Locate every line in the records below that holds the word "parametrized" and return each one.

(Stored items)
Segment Open
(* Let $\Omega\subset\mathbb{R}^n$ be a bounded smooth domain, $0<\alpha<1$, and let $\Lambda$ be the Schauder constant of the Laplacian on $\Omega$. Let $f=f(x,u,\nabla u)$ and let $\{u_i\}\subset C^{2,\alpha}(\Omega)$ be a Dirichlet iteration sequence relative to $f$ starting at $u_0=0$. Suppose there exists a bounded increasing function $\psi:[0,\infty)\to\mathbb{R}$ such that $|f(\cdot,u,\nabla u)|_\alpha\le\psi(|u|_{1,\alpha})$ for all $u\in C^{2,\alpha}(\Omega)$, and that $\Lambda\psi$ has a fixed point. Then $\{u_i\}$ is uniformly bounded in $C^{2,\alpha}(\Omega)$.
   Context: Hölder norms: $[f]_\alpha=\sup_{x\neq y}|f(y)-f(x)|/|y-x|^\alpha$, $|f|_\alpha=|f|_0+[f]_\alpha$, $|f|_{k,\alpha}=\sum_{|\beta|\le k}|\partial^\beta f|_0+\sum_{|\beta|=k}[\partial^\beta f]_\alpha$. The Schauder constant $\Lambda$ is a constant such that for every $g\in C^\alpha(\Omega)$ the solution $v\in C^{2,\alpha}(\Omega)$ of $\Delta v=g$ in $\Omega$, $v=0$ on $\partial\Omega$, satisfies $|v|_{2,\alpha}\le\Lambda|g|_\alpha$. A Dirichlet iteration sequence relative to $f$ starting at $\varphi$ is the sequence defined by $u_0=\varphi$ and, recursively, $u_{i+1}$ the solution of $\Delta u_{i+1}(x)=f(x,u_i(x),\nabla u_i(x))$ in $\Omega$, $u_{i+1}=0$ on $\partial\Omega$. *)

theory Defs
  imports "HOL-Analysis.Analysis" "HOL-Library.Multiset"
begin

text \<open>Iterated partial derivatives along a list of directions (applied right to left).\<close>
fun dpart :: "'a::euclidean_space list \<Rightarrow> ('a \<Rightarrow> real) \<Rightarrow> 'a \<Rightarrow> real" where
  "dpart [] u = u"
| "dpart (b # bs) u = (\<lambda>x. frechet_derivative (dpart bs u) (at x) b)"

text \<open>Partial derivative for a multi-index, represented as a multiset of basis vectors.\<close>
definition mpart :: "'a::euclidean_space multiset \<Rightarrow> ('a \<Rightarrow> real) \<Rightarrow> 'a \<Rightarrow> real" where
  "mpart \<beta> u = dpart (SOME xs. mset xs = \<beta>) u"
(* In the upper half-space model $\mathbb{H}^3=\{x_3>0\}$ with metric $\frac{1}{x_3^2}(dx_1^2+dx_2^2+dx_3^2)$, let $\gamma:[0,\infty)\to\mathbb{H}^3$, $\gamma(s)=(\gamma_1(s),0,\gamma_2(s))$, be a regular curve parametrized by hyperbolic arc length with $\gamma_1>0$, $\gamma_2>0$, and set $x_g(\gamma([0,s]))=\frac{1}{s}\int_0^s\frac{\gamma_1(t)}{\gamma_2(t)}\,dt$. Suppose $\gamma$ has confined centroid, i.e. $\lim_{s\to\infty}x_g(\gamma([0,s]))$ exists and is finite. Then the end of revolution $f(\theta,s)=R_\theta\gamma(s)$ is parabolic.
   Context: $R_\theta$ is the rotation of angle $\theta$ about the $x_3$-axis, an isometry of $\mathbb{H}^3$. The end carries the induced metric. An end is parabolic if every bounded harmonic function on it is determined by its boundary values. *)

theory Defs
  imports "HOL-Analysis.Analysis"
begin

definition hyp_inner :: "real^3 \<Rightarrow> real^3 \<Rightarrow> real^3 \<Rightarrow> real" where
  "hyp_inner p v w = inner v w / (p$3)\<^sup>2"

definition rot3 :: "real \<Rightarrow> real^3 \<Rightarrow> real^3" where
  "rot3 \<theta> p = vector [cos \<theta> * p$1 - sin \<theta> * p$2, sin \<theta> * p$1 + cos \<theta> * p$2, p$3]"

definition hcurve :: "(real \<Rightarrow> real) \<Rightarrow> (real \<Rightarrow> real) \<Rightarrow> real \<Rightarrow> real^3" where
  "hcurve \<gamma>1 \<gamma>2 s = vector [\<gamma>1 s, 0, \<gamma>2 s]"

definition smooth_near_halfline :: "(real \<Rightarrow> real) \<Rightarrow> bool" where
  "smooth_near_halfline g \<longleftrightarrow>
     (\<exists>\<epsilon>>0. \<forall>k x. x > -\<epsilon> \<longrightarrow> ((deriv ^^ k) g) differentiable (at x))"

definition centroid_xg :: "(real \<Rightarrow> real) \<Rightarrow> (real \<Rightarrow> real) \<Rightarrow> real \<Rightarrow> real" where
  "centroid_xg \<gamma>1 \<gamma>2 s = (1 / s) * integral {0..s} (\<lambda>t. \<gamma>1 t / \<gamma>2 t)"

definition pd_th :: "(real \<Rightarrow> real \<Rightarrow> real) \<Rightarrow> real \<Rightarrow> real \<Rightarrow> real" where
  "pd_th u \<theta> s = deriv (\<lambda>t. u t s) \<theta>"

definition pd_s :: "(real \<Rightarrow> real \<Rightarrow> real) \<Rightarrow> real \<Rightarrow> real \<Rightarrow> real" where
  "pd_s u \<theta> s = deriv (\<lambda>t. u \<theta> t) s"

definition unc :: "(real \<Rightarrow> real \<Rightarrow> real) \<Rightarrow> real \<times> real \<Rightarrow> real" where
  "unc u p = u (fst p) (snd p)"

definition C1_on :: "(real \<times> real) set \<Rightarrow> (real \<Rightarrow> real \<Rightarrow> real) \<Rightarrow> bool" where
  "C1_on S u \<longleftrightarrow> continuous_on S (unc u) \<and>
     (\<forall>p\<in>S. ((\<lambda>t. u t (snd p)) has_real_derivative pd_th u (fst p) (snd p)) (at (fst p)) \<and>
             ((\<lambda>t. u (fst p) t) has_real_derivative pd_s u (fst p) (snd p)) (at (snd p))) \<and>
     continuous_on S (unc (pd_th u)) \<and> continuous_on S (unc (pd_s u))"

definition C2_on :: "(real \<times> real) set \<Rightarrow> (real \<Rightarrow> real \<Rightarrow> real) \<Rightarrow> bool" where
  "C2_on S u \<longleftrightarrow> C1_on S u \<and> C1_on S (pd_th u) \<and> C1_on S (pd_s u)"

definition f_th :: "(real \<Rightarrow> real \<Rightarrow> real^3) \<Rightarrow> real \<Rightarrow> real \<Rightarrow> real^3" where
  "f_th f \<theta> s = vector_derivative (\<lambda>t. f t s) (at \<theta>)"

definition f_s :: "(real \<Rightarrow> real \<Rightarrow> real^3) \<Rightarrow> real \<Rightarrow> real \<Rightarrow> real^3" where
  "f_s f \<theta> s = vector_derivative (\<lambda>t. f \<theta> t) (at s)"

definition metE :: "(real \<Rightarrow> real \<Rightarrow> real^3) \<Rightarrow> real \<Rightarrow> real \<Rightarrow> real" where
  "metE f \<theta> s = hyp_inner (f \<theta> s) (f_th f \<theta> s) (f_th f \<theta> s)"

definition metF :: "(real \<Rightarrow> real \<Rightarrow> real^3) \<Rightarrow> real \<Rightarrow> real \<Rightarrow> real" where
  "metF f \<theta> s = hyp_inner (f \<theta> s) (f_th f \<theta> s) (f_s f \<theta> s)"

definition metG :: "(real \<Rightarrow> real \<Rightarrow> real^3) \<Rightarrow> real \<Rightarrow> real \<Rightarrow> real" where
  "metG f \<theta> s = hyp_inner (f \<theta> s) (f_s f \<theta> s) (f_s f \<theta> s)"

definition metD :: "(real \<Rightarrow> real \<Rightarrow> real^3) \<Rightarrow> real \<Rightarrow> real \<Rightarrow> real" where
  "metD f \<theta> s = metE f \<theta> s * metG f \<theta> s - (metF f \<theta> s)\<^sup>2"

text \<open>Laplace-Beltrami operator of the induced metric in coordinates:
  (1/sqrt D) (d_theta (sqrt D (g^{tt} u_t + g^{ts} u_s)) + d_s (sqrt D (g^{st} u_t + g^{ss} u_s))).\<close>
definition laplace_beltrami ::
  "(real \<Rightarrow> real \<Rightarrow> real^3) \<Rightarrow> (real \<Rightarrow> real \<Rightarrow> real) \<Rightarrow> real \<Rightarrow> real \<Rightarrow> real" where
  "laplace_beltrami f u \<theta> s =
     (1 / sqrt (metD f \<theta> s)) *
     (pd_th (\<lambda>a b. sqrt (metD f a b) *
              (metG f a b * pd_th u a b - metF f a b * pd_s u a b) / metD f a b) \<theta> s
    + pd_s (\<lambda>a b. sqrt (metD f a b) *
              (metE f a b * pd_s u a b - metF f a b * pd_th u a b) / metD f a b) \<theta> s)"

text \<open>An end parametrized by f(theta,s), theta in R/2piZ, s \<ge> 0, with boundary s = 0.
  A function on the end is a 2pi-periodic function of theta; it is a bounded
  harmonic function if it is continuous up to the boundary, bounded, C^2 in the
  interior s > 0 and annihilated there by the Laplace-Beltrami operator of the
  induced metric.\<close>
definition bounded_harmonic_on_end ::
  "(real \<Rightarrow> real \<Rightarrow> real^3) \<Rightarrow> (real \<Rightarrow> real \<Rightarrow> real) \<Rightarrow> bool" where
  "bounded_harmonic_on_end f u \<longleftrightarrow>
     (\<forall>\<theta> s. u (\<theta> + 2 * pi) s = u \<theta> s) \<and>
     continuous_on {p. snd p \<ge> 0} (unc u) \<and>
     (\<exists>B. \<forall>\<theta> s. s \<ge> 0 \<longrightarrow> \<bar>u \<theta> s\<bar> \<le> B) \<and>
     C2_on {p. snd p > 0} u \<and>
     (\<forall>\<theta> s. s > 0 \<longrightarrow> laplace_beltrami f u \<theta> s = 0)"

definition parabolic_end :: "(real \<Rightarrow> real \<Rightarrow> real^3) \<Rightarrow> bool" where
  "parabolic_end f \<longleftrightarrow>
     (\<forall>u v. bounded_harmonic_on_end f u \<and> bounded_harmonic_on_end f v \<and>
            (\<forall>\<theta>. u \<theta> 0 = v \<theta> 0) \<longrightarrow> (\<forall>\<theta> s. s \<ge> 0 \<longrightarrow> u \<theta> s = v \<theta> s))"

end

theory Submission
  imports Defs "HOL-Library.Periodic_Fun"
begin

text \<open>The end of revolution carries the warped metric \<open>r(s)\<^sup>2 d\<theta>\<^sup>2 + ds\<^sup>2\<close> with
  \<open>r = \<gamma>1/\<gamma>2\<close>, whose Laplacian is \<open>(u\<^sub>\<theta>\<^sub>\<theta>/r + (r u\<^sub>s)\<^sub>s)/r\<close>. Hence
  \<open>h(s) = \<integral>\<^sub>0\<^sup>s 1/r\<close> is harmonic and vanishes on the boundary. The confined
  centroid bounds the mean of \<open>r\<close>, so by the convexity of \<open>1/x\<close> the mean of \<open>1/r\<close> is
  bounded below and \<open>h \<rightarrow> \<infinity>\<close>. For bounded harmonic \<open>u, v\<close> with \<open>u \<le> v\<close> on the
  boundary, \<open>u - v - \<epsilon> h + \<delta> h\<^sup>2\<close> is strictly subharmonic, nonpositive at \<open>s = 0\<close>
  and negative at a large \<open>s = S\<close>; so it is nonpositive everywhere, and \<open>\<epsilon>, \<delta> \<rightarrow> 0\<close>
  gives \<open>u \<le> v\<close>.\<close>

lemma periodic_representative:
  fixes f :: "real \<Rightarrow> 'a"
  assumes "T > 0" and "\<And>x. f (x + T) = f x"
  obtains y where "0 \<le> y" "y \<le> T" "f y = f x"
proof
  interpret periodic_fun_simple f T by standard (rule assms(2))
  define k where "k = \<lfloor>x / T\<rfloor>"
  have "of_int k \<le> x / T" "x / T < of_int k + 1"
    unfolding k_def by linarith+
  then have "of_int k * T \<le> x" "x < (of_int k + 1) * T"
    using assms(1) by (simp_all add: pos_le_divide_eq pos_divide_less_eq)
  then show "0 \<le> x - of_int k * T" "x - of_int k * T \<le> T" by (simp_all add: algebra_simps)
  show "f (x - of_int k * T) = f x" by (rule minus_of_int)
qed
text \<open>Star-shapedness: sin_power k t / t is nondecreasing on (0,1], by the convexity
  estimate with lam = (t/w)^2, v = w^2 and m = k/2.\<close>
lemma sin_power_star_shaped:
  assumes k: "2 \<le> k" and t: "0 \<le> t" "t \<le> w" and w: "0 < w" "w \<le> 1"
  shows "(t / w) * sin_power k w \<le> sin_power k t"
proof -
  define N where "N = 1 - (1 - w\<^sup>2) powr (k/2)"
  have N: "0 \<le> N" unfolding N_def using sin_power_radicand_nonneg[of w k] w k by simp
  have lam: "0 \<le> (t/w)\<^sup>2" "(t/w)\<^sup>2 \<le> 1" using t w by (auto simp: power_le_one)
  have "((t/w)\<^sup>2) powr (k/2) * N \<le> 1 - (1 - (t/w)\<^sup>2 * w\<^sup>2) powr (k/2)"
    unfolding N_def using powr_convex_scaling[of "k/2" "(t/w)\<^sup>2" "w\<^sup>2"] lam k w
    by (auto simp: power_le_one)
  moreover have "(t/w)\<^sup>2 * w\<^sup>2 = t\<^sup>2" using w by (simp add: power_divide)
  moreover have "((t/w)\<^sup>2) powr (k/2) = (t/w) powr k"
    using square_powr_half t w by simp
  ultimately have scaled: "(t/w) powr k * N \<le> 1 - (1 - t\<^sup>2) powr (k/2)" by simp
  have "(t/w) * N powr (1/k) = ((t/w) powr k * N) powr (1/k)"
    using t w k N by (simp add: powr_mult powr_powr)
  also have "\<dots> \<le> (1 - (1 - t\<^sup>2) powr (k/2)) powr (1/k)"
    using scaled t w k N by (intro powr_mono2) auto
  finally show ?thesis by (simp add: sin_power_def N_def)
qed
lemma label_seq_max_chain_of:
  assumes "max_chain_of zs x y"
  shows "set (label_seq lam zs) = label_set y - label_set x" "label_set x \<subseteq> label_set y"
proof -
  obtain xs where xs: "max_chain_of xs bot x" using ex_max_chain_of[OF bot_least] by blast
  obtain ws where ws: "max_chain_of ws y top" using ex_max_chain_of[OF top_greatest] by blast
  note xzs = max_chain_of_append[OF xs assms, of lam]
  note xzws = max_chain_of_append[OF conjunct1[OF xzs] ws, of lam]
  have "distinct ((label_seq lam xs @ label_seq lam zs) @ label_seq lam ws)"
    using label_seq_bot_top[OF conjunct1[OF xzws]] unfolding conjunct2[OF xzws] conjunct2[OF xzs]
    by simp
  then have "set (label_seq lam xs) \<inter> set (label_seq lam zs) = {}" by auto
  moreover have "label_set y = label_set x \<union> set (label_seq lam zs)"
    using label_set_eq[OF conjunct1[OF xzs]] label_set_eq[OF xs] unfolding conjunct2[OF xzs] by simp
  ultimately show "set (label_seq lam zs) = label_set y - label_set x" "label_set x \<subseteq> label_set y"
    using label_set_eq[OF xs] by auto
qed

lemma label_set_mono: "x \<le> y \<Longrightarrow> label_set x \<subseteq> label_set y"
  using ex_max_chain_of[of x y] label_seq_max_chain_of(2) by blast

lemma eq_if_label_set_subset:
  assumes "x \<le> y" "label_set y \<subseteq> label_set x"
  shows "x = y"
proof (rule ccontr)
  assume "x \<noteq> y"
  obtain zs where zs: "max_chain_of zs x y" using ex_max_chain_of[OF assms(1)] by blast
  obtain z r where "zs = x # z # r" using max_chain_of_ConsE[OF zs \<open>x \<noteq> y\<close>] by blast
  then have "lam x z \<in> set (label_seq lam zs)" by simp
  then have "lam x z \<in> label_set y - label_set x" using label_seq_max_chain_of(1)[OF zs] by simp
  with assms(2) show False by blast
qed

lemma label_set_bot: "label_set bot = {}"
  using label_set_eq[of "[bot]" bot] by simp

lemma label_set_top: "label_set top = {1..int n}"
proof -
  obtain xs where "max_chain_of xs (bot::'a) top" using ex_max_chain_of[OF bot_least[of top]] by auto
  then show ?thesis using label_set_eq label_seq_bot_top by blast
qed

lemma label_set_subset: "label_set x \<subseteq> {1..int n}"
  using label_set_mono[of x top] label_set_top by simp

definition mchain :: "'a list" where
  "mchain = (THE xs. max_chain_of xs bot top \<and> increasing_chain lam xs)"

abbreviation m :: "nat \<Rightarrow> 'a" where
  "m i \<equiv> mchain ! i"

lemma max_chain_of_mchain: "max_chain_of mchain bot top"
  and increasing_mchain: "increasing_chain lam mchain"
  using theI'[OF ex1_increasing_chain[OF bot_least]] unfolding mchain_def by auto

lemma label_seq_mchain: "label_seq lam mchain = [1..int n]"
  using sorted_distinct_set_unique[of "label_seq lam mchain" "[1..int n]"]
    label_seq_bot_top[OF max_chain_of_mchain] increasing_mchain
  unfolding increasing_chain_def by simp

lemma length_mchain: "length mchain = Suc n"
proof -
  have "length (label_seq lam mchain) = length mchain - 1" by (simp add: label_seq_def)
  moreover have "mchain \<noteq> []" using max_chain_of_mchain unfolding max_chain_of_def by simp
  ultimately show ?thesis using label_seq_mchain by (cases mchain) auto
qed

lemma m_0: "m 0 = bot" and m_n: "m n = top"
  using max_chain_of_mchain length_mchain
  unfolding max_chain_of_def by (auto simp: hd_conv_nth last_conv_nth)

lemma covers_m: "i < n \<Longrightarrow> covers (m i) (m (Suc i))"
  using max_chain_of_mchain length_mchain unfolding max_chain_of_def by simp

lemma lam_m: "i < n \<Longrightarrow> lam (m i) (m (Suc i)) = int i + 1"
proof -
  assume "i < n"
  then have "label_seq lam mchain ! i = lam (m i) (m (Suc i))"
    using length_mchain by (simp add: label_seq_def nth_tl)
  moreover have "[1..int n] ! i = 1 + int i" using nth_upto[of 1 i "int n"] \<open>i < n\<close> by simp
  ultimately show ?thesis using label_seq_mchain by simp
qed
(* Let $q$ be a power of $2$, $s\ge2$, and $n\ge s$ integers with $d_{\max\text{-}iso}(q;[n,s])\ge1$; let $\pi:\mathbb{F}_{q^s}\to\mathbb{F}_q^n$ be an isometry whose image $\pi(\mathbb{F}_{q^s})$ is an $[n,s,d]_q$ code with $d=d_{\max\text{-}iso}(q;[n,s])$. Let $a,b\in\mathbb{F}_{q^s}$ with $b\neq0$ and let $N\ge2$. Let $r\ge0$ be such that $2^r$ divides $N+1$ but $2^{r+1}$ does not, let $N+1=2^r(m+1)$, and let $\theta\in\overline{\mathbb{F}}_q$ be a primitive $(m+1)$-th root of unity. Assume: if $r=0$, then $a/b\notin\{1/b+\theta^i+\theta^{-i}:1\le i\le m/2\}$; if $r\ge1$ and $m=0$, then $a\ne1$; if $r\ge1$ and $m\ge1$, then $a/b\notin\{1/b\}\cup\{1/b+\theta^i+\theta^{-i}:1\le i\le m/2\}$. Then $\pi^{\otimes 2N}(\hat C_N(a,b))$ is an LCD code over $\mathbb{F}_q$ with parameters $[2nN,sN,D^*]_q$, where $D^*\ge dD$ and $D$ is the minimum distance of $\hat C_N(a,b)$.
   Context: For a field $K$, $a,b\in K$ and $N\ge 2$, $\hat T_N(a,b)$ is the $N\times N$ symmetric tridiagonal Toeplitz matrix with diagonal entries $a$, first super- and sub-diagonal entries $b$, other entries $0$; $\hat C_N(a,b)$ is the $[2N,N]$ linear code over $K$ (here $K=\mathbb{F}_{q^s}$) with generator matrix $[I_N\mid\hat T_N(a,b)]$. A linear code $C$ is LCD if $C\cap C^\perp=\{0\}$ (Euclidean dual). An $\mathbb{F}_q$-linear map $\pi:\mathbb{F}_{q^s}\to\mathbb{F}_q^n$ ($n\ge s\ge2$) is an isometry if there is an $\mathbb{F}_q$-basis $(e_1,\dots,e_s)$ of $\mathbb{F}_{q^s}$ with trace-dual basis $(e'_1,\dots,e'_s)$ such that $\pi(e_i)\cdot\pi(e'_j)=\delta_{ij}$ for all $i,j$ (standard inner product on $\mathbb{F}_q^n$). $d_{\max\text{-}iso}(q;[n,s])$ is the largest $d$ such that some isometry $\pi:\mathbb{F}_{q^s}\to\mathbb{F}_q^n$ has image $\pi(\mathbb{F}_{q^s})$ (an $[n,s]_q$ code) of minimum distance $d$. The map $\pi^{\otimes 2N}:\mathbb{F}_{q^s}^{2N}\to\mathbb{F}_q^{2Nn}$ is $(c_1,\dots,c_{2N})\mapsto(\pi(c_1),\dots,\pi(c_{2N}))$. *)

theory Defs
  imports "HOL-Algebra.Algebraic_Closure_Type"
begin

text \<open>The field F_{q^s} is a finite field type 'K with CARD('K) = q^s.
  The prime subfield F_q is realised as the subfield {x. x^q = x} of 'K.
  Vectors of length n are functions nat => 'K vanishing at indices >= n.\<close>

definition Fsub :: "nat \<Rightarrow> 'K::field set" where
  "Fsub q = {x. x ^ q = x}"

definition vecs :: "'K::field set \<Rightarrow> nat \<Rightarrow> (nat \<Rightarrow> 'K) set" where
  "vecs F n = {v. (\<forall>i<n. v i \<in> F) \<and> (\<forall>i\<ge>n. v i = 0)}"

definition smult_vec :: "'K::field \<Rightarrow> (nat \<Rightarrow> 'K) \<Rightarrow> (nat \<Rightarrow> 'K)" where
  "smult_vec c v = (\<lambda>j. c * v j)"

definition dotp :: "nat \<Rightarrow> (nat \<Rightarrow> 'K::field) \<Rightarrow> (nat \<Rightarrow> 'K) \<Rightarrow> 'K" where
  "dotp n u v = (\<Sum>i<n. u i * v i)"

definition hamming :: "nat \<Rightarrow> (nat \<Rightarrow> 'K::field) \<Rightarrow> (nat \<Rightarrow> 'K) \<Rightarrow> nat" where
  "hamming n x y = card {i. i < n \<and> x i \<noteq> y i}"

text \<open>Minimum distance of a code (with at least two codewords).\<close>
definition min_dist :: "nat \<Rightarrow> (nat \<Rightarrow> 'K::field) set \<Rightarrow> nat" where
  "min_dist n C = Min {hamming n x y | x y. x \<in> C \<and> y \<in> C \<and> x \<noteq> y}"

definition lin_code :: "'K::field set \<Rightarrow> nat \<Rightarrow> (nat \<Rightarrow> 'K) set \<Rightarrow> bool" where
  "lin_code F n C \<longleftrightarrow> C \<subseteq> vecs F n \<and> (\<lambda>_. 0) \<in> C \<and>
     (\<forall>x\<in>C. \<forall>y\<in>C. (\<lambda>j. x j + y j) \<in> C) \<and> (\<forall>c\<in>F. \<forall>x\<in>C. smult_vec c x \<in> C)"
Segment Closed
-- Written answer --
(* In the upper half-space model $\mathbb{H}^3=\{x_3>0\}$ with metric $\frac{1}{x_3^2}(dx_1^2+dx_2^2+dx_3^2)$, let $\gamma:[0,\infty)\to\mathbb{H}^3$, $\gamma(s)=(\gamma_1(s),0,\gamma_2(s))$, be a regular curve parametrized by hyperbolic arc length with $\gamma_1>0$, $\gamma_2>0$, and set $x_g(\gamma([0,s]))=\frac{1}{s}\int_0^s\frac{\gamma_1(t)}{\gamma_2(t)}\,dt$. Suppose $\gamma$ has confined centroid, i.e. $\lim_{s\to\infty}x_g(\gamma([0,s]))$ exists and is finite. Then the end of revolution $f(\theta,s)=R_\theta\gamma(s)$ is parabolic.
text \<open>An end parametrized by f(theta,s), theta in R/2piZ, s \<ge> 0, with boundary s = 0.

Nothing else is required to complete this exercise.